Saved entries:
● ● ● ● ● ● ●

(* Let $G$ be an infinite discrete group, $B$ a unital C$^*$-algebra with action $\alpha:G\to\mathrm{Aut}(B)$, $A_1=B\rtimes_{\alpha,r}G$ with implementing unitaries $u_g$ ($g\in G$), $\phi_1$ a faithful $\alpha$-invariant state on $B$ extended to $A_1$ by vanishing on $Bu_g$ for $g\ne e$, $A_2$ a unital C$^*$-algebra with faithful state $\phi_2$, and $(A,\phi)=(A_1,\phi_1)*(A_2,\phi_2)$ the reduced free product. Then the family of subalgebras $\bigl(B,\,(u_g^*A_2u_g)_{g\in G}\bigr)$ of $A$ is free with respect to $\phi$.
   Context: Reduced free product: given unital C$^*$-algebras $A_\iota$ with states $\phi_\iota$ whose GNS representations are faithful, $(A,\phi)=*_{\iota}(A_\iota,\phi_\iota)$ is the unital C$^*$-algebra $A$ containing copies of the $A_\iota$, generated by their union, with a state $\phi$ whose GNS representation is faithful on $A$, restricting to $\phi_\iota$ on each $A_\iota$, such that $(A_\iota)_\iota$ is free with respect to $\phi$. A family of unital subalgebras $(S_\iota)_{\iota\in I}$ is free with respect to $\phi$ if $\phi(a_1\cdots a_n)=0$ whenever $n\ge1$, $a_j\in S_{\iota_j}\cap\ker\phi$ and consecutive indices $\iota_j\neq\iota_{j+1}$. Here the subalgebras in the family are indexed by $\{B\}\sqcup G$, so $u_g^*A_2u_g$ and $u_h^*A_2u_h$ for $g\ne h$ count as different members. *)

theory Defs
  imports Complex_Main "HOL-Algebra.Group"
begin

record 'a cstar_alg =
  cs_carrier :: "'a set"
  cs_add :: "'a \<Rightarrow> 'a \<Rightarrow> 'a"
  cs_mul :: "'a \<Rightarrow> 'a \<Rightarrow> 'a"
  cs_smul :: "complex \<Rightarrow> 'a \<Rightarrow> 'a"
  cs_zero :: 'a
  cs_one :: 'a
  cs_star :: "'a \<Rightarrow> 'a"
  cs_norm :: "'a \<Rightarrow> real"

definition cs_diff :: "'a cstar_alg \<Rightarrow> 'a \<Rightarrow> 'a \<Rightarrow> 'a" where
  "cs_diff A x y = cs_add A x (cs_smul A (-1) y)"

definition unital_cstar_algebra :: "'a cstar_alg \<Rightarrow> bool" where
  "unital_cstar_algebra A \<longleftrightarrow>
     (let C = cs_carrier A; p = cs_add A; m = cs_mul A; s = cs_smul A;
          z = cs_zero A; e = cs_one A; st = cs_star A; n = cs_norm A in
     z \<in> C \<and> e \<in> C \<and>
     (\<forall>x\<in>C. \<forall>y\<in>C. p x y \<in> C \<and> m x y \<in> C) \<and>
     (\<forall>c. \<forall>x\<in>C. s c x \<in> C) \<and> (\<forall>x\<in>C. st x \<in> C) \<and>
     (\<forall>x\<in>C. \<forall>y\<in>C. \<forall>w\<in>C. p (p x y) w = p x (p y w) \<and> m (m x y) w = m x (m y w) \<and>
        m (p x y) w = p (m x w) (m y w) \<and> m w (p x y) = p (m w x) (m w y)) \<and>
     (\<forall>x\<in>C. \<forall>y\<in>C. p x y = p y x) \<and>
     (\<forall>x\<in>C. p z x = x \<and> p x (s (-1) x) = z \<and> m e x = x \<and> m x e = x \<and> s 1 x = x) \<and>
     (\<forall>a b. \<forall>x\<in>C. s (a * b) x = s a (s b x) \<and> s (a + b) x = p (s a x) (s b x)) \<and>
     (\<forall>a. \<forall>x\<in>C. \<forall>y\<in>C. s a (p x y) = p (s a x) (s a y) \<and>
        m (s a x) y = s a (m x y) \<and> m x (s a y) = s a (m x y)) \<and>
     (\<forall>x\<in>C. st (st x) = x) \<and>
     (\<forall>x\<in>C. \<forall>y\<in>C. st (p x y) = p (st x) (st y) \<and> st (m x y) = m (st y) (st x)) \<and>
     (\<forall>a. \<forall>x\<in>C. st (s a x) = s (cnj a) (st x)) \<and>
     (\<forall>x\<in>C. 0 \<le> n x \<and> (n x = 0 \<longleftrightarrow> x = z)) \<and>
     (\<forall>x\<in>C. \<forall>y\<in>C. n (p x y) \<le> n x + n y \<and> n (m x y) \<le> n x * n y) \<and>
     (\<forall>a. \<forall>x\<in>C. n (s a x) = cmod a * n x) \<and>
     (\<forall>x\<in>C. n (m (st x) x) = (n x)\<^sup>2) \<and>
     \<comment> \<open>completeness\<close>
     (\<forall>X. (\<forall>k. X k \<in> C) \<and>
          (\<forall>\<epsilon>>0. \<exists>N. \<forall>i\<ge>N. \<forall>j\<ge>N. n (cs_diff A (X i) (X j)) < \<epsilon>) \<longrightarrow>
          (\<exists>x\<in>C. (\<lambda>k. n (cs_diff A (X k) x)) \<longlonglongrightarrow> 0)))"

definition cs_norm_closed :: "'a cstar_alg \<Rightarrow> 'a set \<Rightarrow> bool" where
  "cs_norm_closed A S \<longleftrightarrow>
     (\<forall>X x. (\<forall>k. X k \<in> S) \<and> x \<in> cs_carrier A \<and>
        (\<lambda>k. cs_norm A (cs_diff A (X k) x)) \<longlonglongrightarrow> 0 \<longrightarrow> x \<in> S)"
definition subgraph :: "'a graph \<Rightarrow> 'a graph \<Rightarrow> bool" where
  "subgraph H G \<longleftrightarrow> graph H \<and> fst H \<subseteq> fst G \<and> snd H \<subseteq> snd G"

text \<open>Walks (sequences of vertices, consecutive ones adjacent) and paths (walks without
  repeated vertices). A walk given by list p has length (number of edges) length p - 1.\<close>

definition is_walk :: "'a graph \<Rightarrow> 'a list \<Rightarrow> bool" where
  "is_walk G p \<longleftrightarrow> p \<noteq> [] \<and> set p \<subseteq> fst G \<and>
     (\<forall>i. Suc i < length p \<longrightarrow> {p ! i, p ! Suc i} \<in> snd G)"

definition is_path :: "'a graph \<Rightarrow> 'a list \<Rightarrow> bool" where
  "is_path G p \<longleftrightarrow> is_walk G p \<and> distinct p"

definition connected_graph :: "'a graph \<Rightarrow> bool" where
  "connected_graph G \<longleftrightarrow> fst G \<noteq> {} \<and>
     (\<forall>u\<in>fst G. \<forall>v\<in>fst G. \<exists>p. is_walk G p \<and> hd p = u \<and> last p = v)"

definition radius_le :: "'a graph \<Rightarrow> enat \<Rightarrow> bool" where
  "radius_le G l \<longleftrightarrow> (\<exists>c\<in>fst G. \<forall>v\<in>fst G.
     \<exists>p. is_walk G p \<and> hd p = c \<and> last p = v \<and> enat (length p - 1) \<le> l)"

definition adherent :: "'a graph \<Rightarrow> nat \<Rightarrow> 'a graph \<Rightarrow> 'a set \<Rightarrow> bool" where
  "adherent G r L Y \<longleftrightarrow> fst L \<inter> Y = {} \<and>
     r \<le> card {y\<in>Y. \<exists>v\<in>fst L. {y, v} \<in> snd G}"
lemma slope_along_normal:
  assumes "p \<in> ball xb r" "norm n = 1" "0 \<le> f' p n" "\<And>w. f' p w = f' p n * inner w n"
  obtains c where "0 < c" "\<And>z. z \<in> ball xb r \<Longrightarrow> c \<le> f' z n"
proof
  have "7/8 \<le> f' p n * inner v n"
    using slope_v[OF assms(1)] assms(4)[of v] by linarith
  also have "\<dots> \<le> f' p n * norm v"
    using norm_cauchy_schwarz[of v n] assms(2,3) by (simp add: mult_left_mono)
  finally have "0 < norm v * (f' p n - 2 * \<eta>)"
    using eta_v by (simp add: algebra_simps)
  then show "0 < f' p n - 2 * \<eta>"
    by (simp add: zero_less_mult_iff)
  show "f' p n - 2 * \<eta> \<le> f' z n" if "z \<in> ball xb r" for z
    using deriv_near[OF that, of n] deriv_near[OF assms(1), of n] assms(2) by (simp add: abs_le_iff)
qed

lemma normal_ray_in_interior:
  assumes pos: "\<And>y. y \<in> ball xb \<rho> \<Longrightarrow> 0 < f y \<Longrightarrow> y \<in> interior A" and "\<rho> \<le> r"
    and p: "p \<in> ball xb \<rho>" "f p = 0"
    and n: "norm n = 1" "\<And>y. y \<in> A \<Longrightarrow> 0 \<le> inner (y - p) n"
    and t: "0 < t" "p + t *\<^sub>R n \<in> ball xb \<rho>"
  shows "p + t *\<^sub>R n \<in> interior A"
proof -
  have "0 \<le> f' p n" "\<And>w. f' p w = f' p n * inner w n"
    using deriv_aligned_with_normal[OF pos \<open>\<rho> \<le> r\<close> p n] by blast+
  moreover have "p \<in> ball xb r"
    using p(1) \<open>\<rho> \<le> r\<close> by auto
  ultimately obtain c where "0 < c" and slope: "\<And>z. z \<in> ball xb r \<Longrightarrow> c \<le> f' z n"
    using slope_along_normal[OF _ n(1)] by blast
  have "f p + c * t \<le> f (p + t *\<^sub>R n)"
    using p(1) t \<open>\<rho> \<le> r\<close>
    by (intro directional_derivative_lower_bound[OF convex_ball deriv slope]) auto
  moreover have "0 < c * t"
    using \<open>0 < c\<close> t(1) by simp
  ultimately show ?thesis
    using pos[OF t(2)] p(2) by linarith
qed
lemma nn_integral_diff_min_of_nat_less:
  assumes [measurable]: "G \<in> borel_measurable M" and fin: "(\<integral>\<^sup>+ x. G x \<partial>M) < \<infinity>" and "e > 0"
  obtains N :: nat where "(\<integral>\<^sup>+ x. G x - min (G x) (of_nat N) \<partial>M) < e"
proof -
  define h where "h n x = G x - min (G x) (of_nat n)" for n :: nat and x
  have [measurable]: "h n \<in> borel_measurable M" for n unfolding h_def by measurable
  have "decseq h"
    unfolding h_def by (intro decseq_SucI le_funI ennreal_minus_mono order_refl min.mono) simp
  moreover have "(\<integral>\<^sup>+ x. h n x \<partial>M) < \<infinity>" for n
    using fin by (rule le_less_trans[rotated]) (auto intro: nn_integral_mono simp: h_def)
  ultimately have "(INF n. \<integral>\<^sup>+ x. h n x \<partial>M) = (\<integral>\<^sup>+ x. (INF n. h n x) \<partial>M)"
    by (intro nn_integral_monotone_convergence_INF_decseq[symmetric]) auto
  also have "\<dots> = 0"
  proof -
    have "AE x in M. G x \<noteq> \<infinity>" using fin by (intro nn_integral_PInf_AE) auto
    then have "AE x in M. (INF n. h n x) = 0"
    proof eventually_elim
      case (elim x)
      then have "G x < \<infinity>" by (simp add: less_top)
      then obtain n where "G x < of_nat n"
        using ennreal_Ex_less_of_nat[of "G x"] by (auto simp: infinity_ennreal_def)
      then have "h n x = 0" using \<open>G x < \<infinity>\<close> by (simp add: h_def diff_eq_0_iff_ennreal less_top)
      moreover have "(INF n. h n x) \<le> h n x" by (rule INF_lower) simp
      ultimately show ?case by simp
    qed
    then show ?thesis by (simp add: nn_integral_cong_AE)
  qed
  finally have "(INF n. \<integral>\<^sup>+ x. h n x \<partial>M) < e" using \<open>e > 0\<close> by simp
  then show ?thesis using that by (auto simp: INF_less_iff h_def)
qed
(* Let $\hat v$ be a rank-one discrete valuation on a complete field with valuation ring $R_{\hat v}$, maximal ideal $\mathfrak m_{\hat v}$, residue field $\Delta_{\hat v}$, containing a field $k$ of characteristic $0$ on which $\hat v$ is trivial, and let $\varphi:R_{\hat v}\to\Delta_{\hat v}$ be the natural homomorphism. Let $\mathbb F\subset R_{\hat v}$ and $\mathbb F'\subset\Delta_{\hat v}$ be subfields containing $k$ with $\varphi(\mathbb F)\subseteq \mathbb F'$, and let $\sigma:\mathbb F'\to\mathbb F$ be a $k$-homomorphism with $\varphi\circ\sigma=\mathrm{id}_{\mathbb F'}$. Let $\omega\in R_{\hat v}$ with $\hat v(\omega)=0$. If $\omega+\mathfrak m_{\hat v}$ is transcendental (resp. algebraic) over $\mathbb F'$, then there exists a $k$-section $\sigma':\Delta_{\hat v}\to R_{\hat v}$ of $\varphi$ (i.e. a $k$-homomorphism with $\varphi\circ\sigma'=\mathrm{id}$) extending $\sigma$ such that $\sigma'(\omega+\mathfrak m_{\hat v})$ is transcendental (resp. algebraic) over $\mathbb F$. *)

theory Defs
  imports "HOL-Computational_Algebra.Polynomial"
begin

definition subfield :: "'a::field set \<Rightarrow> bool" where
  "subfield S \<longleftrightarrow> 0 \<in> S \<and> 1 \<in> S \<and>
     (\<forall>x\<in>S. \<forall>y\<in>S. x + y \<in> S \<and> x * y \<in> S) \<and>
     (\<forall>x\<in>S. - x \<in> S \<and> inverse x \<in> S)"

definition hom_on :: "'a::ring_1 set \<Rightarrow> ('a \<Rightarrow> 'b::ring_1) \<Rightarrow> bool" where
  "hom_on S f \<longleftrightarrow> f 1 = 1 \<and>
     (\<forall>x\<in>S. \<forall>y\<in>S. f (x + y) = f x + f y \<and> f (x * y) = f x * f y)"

● ● ● ● ● ● ●

#### [WHAT YOU ARE ASKED TO DO]
Would you please copy exactly the part of the entries above that begins at the line containing "repeated vertices). A" and ends at the line containing "graph \<Rightarrow> nat", both lines included?

#### [PROBLEM SOLUTION]
  repeated vertices). A walk given by list p has length (number of edges) length p - 1.\<close>

definition is_walk :: "'a graph \<Rightarrow> 'a list \<Rightarrow> bool" where
  "is_walk G p \<longleftrightarrow> p \<noteq> [] \<and> set p \<subseteq> fst G \<and>
     (\<forall>i. Suc i < length p \<longrightarrow> {p ! i, p ! Suc i} \<in> snd G)"

definition is_path :: "'a graph \<Rightarrow> 'a list \<Rightarrow> bool" where
  "is_path G p \<longleftrightarrow> is_walk G p \<and> distinct p"

definition connected_graph :: "'a graph \<Rightarrow> bool" where
  "connected_graph G \<longleftrightarrow> fst G \<noteq> {} \<and>
     (\<forall>u\<in>fst G. \<forall>v\<in>fst G. \<exists>p. is_walk G p \<and> hd p = u \<and> last p = v)"

definition radius_le :: "'a graph \<Rightarrow> enat \<Rightarrow> bool" where
  "radius_le G l \<longleftrightarrow> (\<exists>c\<in>fst G. \<forall>v\<in>fst G.
     \<exists>p. is_walk G p \<and> hd p = c \<and> last p = v \<and> enat (length p - 1) \<le> l)"

definition adherent :: "'a graph \<Rightarrow> nat \<Rightarrow> 'a graph \<Rightarrow> 'a set \<Rightarrow> bool" where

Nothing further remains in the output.